Task item:
Repeat nothing but the lines below running from the one containing "unfolding norm_mult by" to the one containing "summable (\<lambda>k. norm (T". Keep both end lines.

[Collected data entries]
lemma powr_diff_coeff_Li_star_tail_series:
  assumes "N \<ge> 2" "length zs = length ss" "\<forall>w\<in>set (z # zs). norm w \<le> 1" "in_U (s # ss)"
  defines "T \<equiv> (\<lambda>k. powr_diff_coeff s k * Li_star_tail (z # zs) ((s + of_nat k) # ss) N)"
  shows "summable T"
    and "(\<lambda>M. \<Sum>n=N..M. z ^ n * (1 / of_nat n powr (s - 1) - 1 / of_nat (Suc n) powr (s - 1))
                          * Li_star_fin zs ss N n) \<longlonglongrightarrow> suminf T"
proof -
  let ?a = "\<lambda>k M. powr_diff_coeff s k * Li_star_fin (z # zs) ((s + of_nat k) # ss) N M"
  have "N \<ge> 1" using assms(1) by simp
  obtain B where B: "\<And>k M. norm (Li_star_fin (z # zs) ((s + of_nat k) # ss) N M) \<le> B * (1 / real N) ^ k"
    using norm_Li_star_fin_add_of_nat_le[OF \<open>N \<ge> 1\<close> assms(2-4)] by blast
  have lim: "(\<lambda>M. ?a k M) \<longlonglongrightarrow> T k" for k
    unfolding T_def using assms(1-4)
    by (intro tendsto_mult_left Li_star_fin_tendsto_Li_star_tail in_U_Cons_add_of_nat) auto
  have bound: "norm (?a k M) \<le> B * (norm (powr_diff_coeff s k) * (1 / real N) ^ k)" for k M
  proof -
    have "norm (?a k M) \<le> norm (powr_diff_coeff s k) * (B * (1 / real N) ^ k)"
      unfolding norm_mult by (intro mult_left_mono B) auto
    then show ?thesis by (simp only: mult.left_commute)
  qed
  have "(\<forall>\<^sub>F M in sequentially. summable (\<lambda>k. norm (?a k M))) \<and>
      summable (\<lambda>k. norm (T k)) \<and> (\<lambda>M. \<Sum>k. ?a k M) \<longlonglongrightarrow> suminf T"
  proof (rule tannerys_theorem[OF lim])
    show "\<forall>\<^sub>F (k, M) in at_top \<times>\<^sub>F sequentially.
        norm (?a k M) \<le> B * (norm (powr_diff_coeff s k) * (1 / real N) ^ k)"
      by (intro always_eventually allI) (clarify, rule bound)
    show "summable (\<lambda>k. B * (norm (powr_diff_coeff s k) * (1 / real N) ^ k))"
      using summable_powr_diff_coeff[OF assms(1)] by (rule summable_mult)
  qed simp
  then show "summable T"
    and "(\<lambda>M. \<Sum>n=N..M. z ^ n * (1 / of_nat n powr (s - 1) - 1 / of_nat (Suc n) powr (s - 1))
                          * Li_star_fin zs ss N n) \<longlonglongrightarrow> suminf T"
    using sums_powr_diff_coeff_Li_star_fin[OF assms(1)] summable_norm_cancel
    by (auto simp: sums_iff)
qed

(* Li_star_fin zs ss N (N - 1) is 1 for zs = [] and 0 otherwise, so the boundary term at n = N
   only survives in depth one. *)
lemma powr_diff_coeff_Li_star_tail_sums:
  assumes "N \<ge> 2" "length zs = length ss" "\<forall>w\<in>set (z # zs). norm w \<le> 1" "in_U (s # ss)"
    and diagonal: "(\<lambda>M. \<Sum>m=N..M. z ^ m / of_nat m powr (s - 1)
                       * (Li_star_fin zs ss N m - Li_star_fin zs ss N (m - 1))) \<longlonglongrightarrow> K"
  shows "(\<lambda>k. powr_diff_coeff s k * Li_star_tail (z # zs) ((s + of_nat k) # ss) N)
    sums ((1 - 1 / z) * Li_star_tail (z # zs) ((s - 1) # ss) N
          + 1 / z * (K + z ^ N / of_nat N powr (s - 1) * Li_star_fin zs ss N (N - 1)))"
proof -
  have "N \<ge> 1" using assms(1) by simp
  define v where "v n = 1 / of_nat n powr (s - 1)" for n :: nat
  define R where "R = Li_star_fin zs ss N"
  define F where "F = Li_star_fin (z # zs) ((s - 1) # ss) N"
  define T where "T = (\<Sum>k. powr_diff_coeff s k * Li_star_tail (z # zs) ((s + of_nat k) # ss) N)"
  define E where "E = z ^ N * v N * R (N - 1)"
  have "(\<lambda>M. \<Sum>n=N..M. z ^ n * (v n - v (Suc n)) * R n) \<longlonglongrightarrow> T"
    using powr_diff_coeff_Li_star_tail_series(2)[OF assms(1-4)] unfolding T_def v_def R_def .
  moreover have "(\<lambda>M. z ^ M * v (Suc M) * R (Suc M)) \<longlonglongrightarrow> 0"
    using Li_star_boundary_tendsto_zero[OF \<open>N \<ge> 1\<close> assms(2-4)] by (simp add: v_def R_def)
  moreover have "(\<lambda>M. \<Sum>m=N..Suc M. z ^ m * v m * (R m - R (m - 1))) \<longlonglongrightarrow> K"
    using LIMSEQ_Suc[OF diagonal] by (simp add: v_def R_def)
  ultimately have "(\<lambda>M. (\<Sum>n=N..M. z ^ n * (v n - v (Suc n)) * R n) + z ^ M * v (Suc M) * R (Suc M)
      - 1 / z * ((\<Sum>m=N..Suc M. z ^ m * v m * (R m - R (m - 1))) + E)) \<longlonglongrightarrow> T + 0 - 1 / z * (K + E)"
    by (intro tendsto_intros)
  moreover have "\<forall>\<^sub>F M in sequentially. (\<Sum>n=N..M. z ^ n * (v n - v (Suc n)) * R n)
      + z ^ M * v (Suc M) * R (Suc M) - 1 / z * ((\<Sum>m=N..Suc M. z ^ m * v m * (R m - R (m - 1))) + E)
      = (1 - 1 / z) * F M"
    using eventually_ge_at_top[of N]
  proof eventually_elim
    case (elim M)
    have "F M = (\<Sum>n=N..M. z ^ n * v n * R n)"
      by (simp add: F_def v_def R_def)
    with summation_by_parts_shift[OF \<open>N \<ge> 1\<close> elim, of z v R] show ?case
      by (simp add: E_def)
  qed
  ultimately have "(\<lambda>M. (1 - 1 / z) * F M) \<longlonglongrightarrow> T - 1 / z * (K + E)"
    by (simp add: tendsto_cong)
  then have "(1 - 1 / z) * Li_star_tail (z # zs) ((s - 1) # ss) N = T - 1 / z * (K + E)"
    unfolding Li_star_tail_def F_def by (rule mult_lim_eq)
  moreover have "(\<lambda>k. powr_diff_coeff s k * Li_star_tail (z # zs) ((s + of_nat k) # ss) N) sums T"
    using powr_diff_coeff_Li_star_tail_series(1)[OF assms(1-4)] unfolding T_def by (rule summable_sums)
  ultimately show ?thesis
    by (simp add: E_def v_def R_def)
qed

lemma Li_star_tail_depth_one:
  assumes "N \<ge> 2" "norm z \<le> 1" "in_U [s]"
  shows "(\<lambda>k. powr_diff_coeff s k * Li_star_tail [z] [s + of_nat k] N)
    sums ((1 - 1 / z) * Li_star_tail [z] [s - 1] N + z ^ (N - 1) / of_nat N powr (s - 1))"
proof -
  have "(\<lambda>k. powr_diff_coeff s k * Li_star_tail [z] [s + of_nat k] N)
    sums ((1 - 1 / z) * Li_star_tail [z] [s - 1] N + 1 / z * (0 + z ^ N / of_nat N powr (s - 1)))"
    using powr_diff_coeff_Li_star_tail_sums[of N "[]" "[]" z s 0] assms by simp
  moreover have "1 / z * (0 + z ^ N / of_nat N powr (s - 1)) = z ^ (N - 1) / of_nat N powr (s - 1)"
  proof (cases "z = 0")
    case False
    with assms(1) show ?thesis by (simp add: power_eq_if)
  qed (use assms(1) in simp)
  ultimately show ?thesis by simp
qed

Written reply:
      unfolding norm_mult by (intro mult_left_mono B) auto
    then show ?thesis by (simp only: mult.left_commute)
  qed
  have "(\<forall>\<^sub>F M in sequentially. summable (\<lambda>k. norm (?a k M))) \<and>
      summable (\<lambda>k. norm (T k)) \<and> (\<lambda>M. \<Sum>k. ?a k M) \<longlonglongrightarrow> suminf T"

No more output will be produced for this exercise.